**Items from a dataset**
++++++

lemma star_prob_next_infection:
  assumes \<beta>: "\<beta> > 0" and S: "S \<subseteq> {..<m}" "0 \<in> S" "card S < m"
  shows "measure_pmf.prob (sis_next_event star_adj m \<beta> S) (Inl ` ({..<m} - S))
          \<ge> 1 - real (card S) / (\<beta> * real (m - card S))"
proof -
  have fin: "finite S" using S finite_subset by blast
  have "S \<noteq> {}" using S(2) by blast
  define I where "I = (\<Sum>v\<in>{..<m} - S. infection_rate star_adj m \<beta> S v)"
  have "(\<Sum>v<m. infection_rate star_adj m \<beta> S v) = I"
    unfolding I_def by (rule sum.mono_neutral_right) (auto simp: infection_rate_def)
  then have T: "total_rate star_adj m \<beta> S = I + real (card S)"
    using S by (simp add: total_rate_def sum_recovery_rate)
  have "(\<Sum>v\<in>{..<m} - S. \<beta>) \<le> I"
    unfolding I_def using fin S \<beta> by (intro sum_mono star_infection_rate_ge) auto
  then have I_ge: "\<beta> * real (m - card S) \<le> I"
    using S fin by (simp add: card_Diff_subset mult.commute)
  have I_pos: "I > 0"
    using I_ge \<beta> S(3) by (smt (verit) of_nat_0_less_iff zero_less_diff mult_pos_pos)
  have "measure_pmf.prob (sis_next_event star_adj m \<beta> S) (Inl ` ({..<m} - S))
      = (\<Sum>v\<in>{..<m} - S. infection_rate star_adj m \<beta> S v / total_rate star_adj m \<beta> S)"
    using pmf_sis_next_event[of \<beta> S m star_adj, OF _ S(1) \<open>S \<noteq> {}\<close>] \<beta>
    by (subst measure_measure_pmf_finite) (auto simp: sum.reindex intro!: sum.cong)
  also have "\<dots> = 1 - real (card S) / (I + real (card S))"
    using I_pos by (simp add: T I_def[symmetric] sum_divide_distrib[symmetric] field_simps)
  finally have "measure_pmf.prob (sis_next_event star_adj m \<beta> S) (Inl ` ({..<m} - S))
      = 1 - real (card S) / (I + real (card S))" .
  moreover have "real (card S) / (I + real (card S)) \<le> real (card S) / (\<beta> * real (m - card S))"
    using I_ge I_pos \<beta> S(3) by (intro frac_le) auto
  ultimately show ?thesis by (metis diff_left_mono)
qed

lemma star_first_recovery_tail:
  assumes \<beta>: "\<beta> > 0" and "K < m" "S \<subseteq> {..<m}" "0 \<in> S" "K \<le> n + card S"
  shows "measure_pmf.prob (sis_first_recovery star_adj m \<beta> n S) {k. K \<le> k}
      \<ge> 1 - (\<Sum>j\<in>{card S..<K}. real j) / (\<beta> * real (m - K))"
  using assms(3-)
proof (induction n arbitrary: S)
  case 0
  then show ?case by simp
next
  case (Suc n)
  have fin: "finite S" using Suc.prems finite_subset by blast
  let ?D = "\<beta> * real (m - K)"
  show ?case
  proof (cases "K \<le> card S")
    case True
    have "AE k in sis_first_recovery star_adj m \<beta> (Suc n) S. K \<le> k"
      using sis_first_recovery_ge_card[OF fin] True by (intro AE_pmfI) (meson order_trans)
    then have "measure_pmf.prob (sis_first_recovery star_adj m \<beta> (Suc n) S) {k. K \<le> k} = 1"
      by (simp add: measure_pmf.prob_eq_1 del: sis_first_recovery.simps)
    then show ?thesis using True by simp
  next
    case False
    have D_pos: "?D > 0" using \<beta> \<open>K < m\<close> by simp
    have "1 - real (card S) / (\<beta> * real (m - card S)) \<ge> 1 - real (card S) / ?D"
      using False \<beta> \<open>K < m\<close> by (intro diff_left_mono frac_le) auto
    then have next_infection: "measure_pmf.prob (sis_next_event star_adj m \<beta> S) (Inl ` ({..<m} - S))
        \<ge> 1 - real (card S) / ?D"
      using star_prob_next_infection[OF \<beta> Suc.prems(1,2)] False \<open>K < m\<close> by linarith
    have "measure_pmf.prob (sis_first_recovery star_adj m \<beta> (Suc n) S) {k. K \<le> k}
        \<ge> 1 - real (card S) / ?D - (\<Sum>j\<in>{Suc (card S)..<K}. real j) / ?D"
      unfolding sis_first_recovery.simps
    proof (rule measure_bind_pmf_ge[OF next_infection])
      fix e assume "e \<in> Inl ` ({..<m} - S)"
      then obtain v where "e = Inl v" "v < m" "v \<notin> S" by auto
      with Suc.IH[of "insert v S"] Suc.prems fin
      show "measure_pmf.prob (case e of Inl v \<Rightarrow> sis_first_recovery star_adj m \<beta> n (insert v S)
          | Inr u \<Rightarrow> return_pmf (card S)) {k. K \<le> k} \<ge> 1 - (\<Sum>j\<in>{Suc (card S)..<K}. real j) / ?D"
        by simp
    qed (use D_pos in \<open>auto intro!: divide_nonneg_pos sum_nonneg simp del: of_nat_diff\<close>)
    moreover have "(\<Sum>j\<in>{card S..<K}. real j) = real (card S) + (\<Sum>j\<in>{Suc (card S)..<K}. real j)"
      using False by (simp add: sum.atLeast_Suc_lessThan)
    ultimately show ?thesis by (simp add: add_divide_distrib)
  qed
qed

++++++

**Task directions**
Repeat the whole of the data verbatim, as it reads above.

**Answer to the problem**
lemma star_prob_next_infection:
  assumes \<beta>: "\<beta> > 0" and S: "S \<subseteq> {..<m}" "0 \<in> S" "card S < m"
  shows "measure_pmf.prob (sis_next_event star_adj m \<beta> S) (Inl ` ({..<m} - S))
          \<ge> 1 - real (card S) / (\<beta> * real (m - card S))"
proof -
  have fin: "finite S" using S finite_subset by blast
  have "S \<noteq> {}" using S(2) by blast
  define I where "I = (\<Sum>v\<in>{..<m} - S. infection_rate star_adj m \<beta> S v)"
  have "(\<Sum>v<m. infection_rate star_adj m \<beta> S v) = I"
    unfolding I_def by (rule sum.mono_neutral_right) (auto simp: infection_rate_def)
  then have T: "total_rate star_adj m \<beta> S = I + real (card S)"
    using S by (simp add: total_rate_def sum_recovery_rate)
  have "(\<Sum>v\<in>{..<m} - S. \<beta>) \<le> I"
    unfolding I_def using fin S \<beta> by (intro sum_mono star_infection_rate_ge) auto
  then have I_ge: "\<beta> * real (m - card S) \<le> I"
    using S fin by (simp add: card_Diff_subset mult.commute)
  have I_pos: "I > 0"
    using I_ge \<beta> S(3) by (smt (verit) of_nat_0_less_iff zero_less_diff mult_pos_pos)
  have "measure_pmf.prob (sis_next_event star_adj m \<beta> S) (Inl ` ({..<m} - S))
      = (\<Sum>v\<in>{..<m} - S. infection_rate star_adj m \<beta> S v / total_rate star_adj m \<beta> S)"
    using pmf_sis_next_event[of \<beta> S m star_adj, OF _ S(1) \<open>S \<noteq> {}\<close>] \<beta>
    by (subst measure_measure_pmf_finite) (auto simp: sum.reindex intro!: sum.cong)
  also have "\<dots> = 1 - real (card S) / (I + real (card S))"
    using I_pos by (simp add: T I_def[symmetric] sum_divide_distrib[symmetric] field_simps)
  finally have "measure_pmf.prob (sis_next_event star_adj m \<beta> S) (Inl ` ({..<m} - S))
      = 1 - real (card S) / (I + real (card S))" .
  moreover have "real (card S) / (I + real (card S)) \<le> real (card S) / (\<beta> * real (m - card S))"
    using I_ge I_pos \<beta> S(3) by (intro frac_le) auto
  ultimately show ?thesis by (metis diff_left_mono)
qed

lemma star_first_recovery_tail:
  assumes \<beta>: "\<beta> > 0" and "K < m" "S \<subseteq> {..<m}" "0 \<in> S" "K \<le> n + card S"
  shows "measure_pmf.prob (sis_first_recovery star_adj m \<beta> n S) {k. K \<le> k}
      \<ge> 1 - (\<Sum>j\<in>{card S..<K}. real j) / (\<beta> * real (m - K))"
  using assms(3-)
proof (induction n arbitrary: S)
  case 0
  then show ?case by simp
next
  case (Suc n)
  have fin: "finite S" using Suc.prems finite_subset by blast
  let ?D = "\<beta> * real (m - K)"
  show ?case
  proof (cases "K \<le> card S")
    case True
    have "AE k in sis_first_recovery star_adj m \<beta> (Suc n) S. K \<le> k"
      using sis_first_recovery_ge_card[OF fin] True by (intro AE_pmfI) (meson order_trans)
    then have "measure_pmf.prob (sis_first_recovery star_adj m \<beta> (Suc n) S) {k. K \<le> k} = 1"
      by (simp add: measure_pmf.prob_eq_1 del: sis_first_recovery.simps)
    then show ?thesis using True by simp
  next
    case False
    have D_pos: "?D > 0" using \<beta> \<open>K < m\<close> by simp
    have "1 - real (card S) / (\<beta> * real (m - card S)) \<ge> 1 - real (card S) / ?D"
      using False \<beta> \<open>K < m\<close> by (intro diff_left_mono frac_le) auto
    then have next_infection: "measure_pmf.prob (sis_next_event star_adj m \<beta> S) (Inl ` ({..<m} - S))
        \<ge> 1 - real (card S) / ?D"
      using star_prob_next_infection[OF \<beta> Suc.prems(1,2)] False \<open>K < m\<close> by linarith
    have "measure_pmf.prob (sis_first_recovery star_adj m \<beta> (Suc n) S) {k. K \<le> k}
        \<ge> 1 - real (card S) / ?D - (\<Sum>j\<in>{Suc (card S)..<K}. real j) / ?D"
      unfolding sis_first_recovery.simps
    proof (rule measure_bind_pmf_ge[OF next_infection])
      fix e assume "e \<in> Inl ` ({..<m} - S)"
      then obtain v where "e = Inl v" "v < m" "v \<notin> S" by auto
      with Suc.IH[of "insert v S"] Suc.prems fin
      show "measure_pmf.prob (case e of Inl v \<Rightarrow> sis_first_recovery star_adj m \<beta> n (insert v S)
          | Inr u \<Rightarrow> return_pmf (card S)) {k. K \<le> k} \<ge> 1 - (\<Sum>j\<in>{Suc (card S)..<K}. real j) / ?D"
        by simp
    qed (use D_pos in \<open>auto intro!: divide_nonneg_pos sum_nonneg simp del: of_nat_diff\<close>)
    moreover have "(\<Sum>j\<in>{card S..<K}. real j) = real (card S) + (\<Sum>j\<in>{Suc (card S)..<K}. real j)"
      using False by (simp add: sum.atLeast_Suc_lessThan)
    ultimately show ?thesis by (simp add: add_divide_distrib)
  qed
qed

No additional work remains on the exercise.